This document discusses central versus the distributed organisations and architectures.

Organisations and Architectures

There is a great similarity between the organisation of people and the architecture of systems with respect to issue centralisation versus distribution:  both are resources structured according to their responsibilities/­capabilities to reach the overall objectives.
An organisation is a particular structuring of people into departments and/or units characterised by the distribution of their responsibilities.  The architecture for a system means the structuring of components or units according to their functional capabilities.
A related aspect is specialisation (which will also be discussed).

The rest of this document considers the distribution of responsibilities/­capabilities for people/­systems into an organisation/­architecture as basically the same problem.

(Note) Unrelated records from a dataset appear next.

(* For every $n\ge0$, $$\langle P_n^{(\alpha,\beta,v)},P_n^{(\alpha,\beta,v)}\rangle_W=\frac{n!\,v\,B(\alpha+n+2,\beta+n+2)}{(\alpha+\beta+n+3)_n}\begin{pmatrix}\dfrac{(\kappa_{v,\beta}+2)(\kappa_{-v,\beta}+2n+4)}{\kappa_{v,-\beta}(\kappa_{v,\beta}+2n+2)}&0\\0&-\dfrac{(\kappa_{-v,\beta}+2)(\kappa_{v,\beta}+2n+4)}{\kappa_{-v,-\beta}(\kappa_{-v,\beta}+2n+2)}\end{pmatrix},$$ where $B$ is the Beta function. Consequently, writing $\|P_n^{(\alpha,\beta,v)}\|$ for the positive definite square root of this diagonal matrix, the polynomials $\widetilde P_n=\|P_n^{(\alpha,\beta,v)}\|^{-1}P_n^{(\alpha,\beta,v)}$ are orthonormal with respect to $W$.
   Context: Fix real numbers $\alpha,\beta,v$ with $\alpha>-1$, $\beta>-1$ and $|\alpha-\beta|<|v|<\alpha+\beta+2$. Write $\kappa_{\pm v,\pm\beta}=\alpha\pm v\pm\beta$. Define $$\widetilde W(t)=\begin{pmatrix}\frac{v(\kappa_{v,\beta}+2)}{\kappa_{v,-\beta}}t^2-(\kappa_{v,\beta}+2)t+(\alpha+1) & (\alpha+\beta+2)t-(\alpha+1)\\ (\alpha+\beta+2)t-(\alpha+1) & -\frac{v(\kappa_{-v,\beta}+2)}{\kappa_{-v,-\beta}}t^2-(\kappa_{-v,\beta}+2)t+(\alpha+1)\end{pmatrix}$$ and $W(t)=t^\alpha(1-t)^\beta\widetilde W(t)$ on $(0,1)$. $\langle P,Q\rangle_W=\int_0^1P(t)W(t)Q(t)^*dt$. $(P_n^{(\alpha,\beta,v)})_{n\ge0}$ is the sequence of monic $2\times2$ matrix polynomials orthogonal with respect to $W$. $(x)_n$ is the Pochhammer symbol. *)

theory Defs
  imports "HOL-Analysis.Analysis"
begin

type_synonym mat2 = "real^2^2"

definition mk2 :: "real \<Rightarrow> real \<Rightarrow> real \<Rightarrow> real \<Rightarrow> mat2" where
  "mk2 a b c d = (\<chi> i j. if i = 1 then (if j = 1 then a else b) else (if j = 1 then c else d))"

text \<open>kappa with signs: kap a s v t b = a + s*v + t*b, s,t in {1,-1}.\<close>
definition Wtilde :: "real \<Rightarrow> real \<Rightarrow> real \<Rightarrow> real \<Rightarrow> mat2" where
  "Wtilde \<alpha> \<beta> v t =
     mk2 (v * (\<alpha> + v + \<beta> + 2) / (\<alpha> + v - \<beta>) * t^2 - (\<alpha> + v + \<beta> + 2) * t + (\<alpha> + 1))
         ((\<alpha> + \<beta> + 2) * t - (\<alpha> + 1))
         ((\<alpha> + \<beta> + 2) * t - (\<alpha> + 1))
         (- (v * (\<alpha> - v + \<beta> + 2) / (\<alpha> - v - \<beta>)) * t^2 - (\<alpha> - v + \<beta> + 2) * t + (\<alpha> + 1))"

definition Wmat :: "real \<Rightarrow> real \<Rightarrow> real \<Rightarrow> real \<Rightarrow> mat2" where
  "Wmat \<alpha> \<beta> v t = (t powr \<alpha> * (1 - t) powr \<beta>) *\<^sub>R Wtilde \<alpha> \<beta> v t"

text \<open>Matrix inner product <P,Q>_W = int_0^1 P(t) W(t) Q(t)^* dt (real matrices, so * = transpose).\<close>
definition ipW :: "(real \<Rightarrow> mat2) \<Rightarrow> (real \<Rightarrow> mat2) \<Rightarrow> (real \<Rightarrow> mat2) \<Rightarrow> mat2" where
  "ipW W P Q = integral {0..1} (\<lambda>t. P t ** W t ** transpose (Q t))"

definition monic_matpoly :: "nat \<Rightarrow> (real \<Rightarrow> mat2) \<Rightarrow> bool" where
  "monic_matpoly n P \<longleftrightarrow> (\<exists>C :: nat \<Rightarrow> mat2. C n = mat 1 \<and>
      (\<forall>t. P t = (\<Sum>k\<le>n. (t ^ k) *\<^sub>R C k)))"

definition monic_OMP :: "(real \<Rightarrow> mat2) \<Rightarrow> (nat \<Rightarrow> real \<Rightarrow> mat2) \<Rightarrow> bool" where
  "monic_OMP W P \<longleftrightarrow> (\<forall>n. monic_matpoly n (P n)) \<and>
      (\<forall>n m. n \<noteq> m \<longrightarrow> ipW W (P n) (P m) = 0)"

definition cfac :: "real \<Rightarrow> real \<Rightarrow> real \<Rightarrow> nat \<Rightarrow> real" where
  "cfac \<alpha> \<beta> v n = fact n * v * Beta (\<alpha> + n + 2) (\<beta> + n + 2) / pochhammer (\<alpha> + \<beta> + n + 3) n"

definition dg1 :: "real \<Rightarrow> real \<Rightarrow> real \<Rightarrow> nat \<Rightarrow> real" where
  "dg1 \<alpha> \<beta> v n = cfac \<alpha> \<beta> v n * ((\<alpha> + v + \<beta> + 2) * (\<alpha> - v + \<beta> + 2 * n + 4)
                          / ((\<alpha> + v - \<beta>) * (\<alpha> + v + \<beta> + 2 * n + 2)))"

definition dg2 :: "real \<Rightarrow> real \<Rightarrow> real \<Rightarrow> nat \<Rightarrow> real" where
  "dg2 \<alpha> \<beta> v n = cfac \<alpha> \<beta> v n * (- ((\<alpha> - v + \<beta> + 2) * (\<alpha> + v + \<beta> + 2 * n + 4)
                          / ((\<alpha> - v - \<beta>) * (\<alpha> - v + \<beta> + 2 * n + 2))))"

end

theory Submission
  imports Defs "HOL-Computational_Algebra.Polynomial"
begin

(* Write w_{a,b}(t) = t^a (1 - t)^b. The operator
   \<Phi>_{a,b} g = (a + 1 - (a + b + 2) t) g + t (1 - t) g'  satisfies  w_{a,b} \<Phi>_{a,b} g = (w_{a+1,b+1} g)',
   so integration by parts turns \<Phi> into minus the derivative, and iterating gives a Rodrigues formula.
   The weight admits matrix polynomials T, S with  T W_{a,b} = \<Phi>_{a,b} W_{a+1,b+1}  and
   S W_{a,b} = t (1 - t) W_{a+1,b+1}; hence  R_n W_{\<alpha>,\<beta>} = \<Phi>^n W_{\<alpha>+n,\<beta>+n}  for a matrix
   polynomial R_n of degree n with diagonal leading coefficient \<Lambda>_n. Pairing P_n with R_n, orthogonality
   to lower degrees gives <P_n,P_n> \<Lambda>_n, while the Rodrigues formula gives (-1)^n n! times the
   integral of w_{\<alpha>+n,\<beta>+n} W_{\<alpha>+n,\<beta>+n}, a diagonal matrix of Beta values. Dividing gives the
   norm; |\<alpha> - \<beta>| < |v| < \<alpha> + \<beta> + 2 makes its entries positive, and orthonormality of the
   normalized sequence follows. *)

section \<open>Jacobi-weighted integrals of polynomials\<close>

lemma funpow_pderiv_degree_le:
  fixes p :: "'a::{idom, ring_char_0} poly"
  assumes "degree p \<le> n"
  shows "(pderiv ^^ n) p = [:fact n * coeff p n:]"
  using assms
proof (induction n arbitrary: p)
  case 0
  then show ?case by (auto elim!: degree_eq_zeroE)
next
  case (Suc n)
  then have "(pderiv ^^ n) (pderiv p) = [:fact n * coeff (pderiv p) n:]"
    by (intro Suc.IH) (simp add: degree_pderiv)
  then show ?case
    by (simp add: funpow_Suc_right coeff_pderiv del: funpow.simps)
qed

lemma coeff_mult_degree_le:
  fixes p q :: "'a::idom poly"
  assumes "degree p \<le> m" "degree q \<le> d"
  shows "coeff (p * q) (m + d) = coeff p m * coeff q d"
proof (cases "degree p = m \<and> degree q = d")
  case True
  then show ?thesis
    using coeff_mult_degree_sum[of p q] by simp
next
  case False
  then have "coeff p m = 0 \<or> coeff q d = 0"
    using assms by (metis coeff_eq_0 le_neq_implies_less)
  moreover have "degree (p * q) < m + d \<or> p * q = 0"
    using False assms degree_mult_le[of p q] by (cases "p = 0 \<or> q = 0") auto
  ultimately show ?thesis
    by (metis coeff_eq_0 coeff_0 mult_zero_left mult_zero_right)
qed

lemma coeff_pderiv_mult_degree_le:
  fixes p q :: "'a::{idom, ring_char_0} poly"
  assumes "degree p \<le> m" "degree q \<le> 2"
  shows "degree (pderiv p * q) \<le> m + 1"
    and "coeff (pderiv p * q) (m + 1) = of_nat m * coeff p m * coeff q 2"
proof -
  have d: "degree (pderiv p) \<le> m - 1"
    using assms(1) by (simp add: degree_pderiv)
  have "degree (pderiv p * q) \<le> (m - 1) + 2"
    using add_mono[OF d assms(2)] degree_mult_le order_trans by blast
  moreover have "coeff (pderiv p * q) ((m - 1) + 2) = coeff (pderiv p) (m - 1) * coeff q 2"
    using d assms(2) by (rule coeff_mult_degree_le)
  moreover have "m = 0 \<Longrightarrow> pderiv p = 0"
    using assms by (simp add: pderiv_eq_0_iff)
  ultimately show "degree (pderiv p * q) \<le> m + 1"
    and "coeff (pderiv p * q) (m + 1) = of_nat m * coeff p m * coeff q 2"
    by (cases m; simp add: coeff_pderiv mult_ac)+
qed

definition jacobi_weight :: "real \<Rightarrow> real \<Rightarrow> real \<Rightarrow> real" where
  "jacobi_weight a b t = t powr a * (1 - t) powr b"

definition jacobi_integral :: "real \<Rightarrow> real \<Rightarrow> real poly \<Rightarrow> real" where
  "jacobi_integral a b f = integral {0..1} (\<lambda>t. jacobi_weight a b t * poly f t)"

lemma jacobi_weight_monom_has_integral:
  assumes "a > -1" "b > -1"
  shows "((\<lambda>t. jacobi_weight a b t * t ^ k) has_integral Beta (a + real k + 1) (b + 1)) {0..1}"
proof -
  have "((\<lambda>t. t powr (a + real k + 1 - 1) * (1 - t) powr (b + 1 - 1))
          has_integral Beta (a + real k + 1) (b + 1)) {0..1}"
    by (rule has_integral_Beta_real) (use assms in auto)
  moreover have "t powr (a + real k + 1 - 1) * (1 - t) powr (b + 1 - 1) = jacobi_weight a b t * t ^ k"
    if "t \<in> {0..1}" for t
    using that by (cases "t = 0") (auto simp: jacobi_weight_def powr_add powr_realpow)
  ultimately show ?thesis
    by (rule has_integral_eq[rotated])
qed

lemma jacobi_weight_poly_has_integral:
  assumes "a > -1" "b > -1"
  shows "((\<lambda>t. jacobi_weight a b t * poly f t) has_integral jacobi_integral a b f) {0..1}"
proof -
  have "((\<lambda>t. \<Sum>i\<le>degree f. coeff f i * (jacobi_weight a b t * t ^ i))
          has_integral (\<Sum>i\<le>degree f. coeff f i * Beta (a + real i + 1) (b + 1))) {0..1}"
    by (intro has_integral_sum has_integral_mult_right jacobi_weight_monom_has_integral assms) auto
  moreover have "(\<Sum>i\<le>degree f. coeff f i * (jacobi_weight a b t * t ^ i)) = jacobi_weight a b t * poly f t" for t
    by (simp add: poly_altdef sum_distrib_left mult_ac)
  ultimately show ?thesis
    unfolding jacobi_integral_def by (simp add: integrable_integral has_integral_integrable)
qed

lemma jacobi_weight_poly_integrable:
  "a > -1 \<Longrightarrow> b > -1 \<Longrightarrow> (\<lambda>t. jacobi_weight a b t * poly f t) integrable_on {0..1}"
  using jacobi_weight_poly_has_integral by blast

lemma jacobi_integral_add:
  assumes "a > -1" "b > -1"
  shows "jacobi_integral a b (f + g) = jacobi_integral a b f + jacobi_integral a b g"
  unfolding jacobi_integral_def poly_add distrib_left
  by (intro integral_add jacobi_weight_poly_integrable assms)

lemma jacobi_integral_smult: "jacobi_integral a b (smult c f) = c * jacobi_integral a b f"
  unfolding jacobi_integral_def by (subst integral_mult_right[symmetric]) (simp add: mult_ac)

lemma jacobi_integral_sum:
  "a > -1 \<Longrightarrow> b > -1 \<Longrightarrow> jacobi_integral a b (\<Sum>i\<in>S. f i) = (\<Sum>i\<in>S. jacobi_integral a b (f i))"
  by (induction S rule: infinite_finite_induct)
     (simp_all add: jacobi_integral_add jacobi_integral_def[of a b 0])

lemma jacobi_integral_quadratic:
  assumes "a > -1" "b > -1"
  shows "jacobi_integral a b [:c0, c1, c2:]
           = c0 * Beta (a + 1) (b + 1) + c1 * Beta (a + 2) (b + 1) + c2 * Beta (a + 3) (b + 1)"
proof -
  have "((\<lambda>t. c0 * (jacobi_weight a b t * t ^ 0) + c1 * (jacobi_weight a b t * t ^ 1)
             + c2 * (jacobi_weight a b t * t ^ 2)) has_integral
        c0 * Beta (a + real 0 + 1) (b + 1) + c1 * Beta (a + real 1 + 1) (b + 1)
          + c2 * Beta (a + real 2 + 1) (b + 1)) {0..1}"
    by (intro has_integral_add has_integral_mult_right jacobi_weight_monom_has_integral assms)
  then have "((\<lambda>t. jacobi_weight a b t * poly [:c0, c1, c2:] t) has_integral
        c0 * Beta (a + 1) (b + 1) + c1 * Beta (a + 2) (b + 1) + c2 * Beta (a + 3) (b + 1)) {0..1}"
    by (simp add: algebra_simps power2_eq_square add_ac)
  then show ?thesis
    unfolding jacobi_integral_def by (rule integral_unique)
qed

The two main ways to distribute responsibilities/­capabilities (i.e. to organise) are:

All units have basically the same responsibility/­capability;  the units basically operate autonomous, and consequently in parallel.  A unit is capable of handling all normal jobs (service requests).  Commonly, each such unit is responsible for everything in an area based on geography, language, requestor/customer, availability of resources, …
Examples:  general hospitals (covering an area), local manufacturing for local market, conventional telephone exchanges;  in computing:  a parallel architecture.
Each unit reflects a specialised responsibility/­capability ('expertise').  The overall job is split into tasks, and each task is assigned to the unit specialised in such tasks, commonly called a department.
Examples:  government (ministries), most companies (they may have local sales offices, but have only a single 'main' office and specific development and manufacturing departments);  in computing:  staged or a pipelined architecture with special units e.g. for floating point calculations, or for vector calculations.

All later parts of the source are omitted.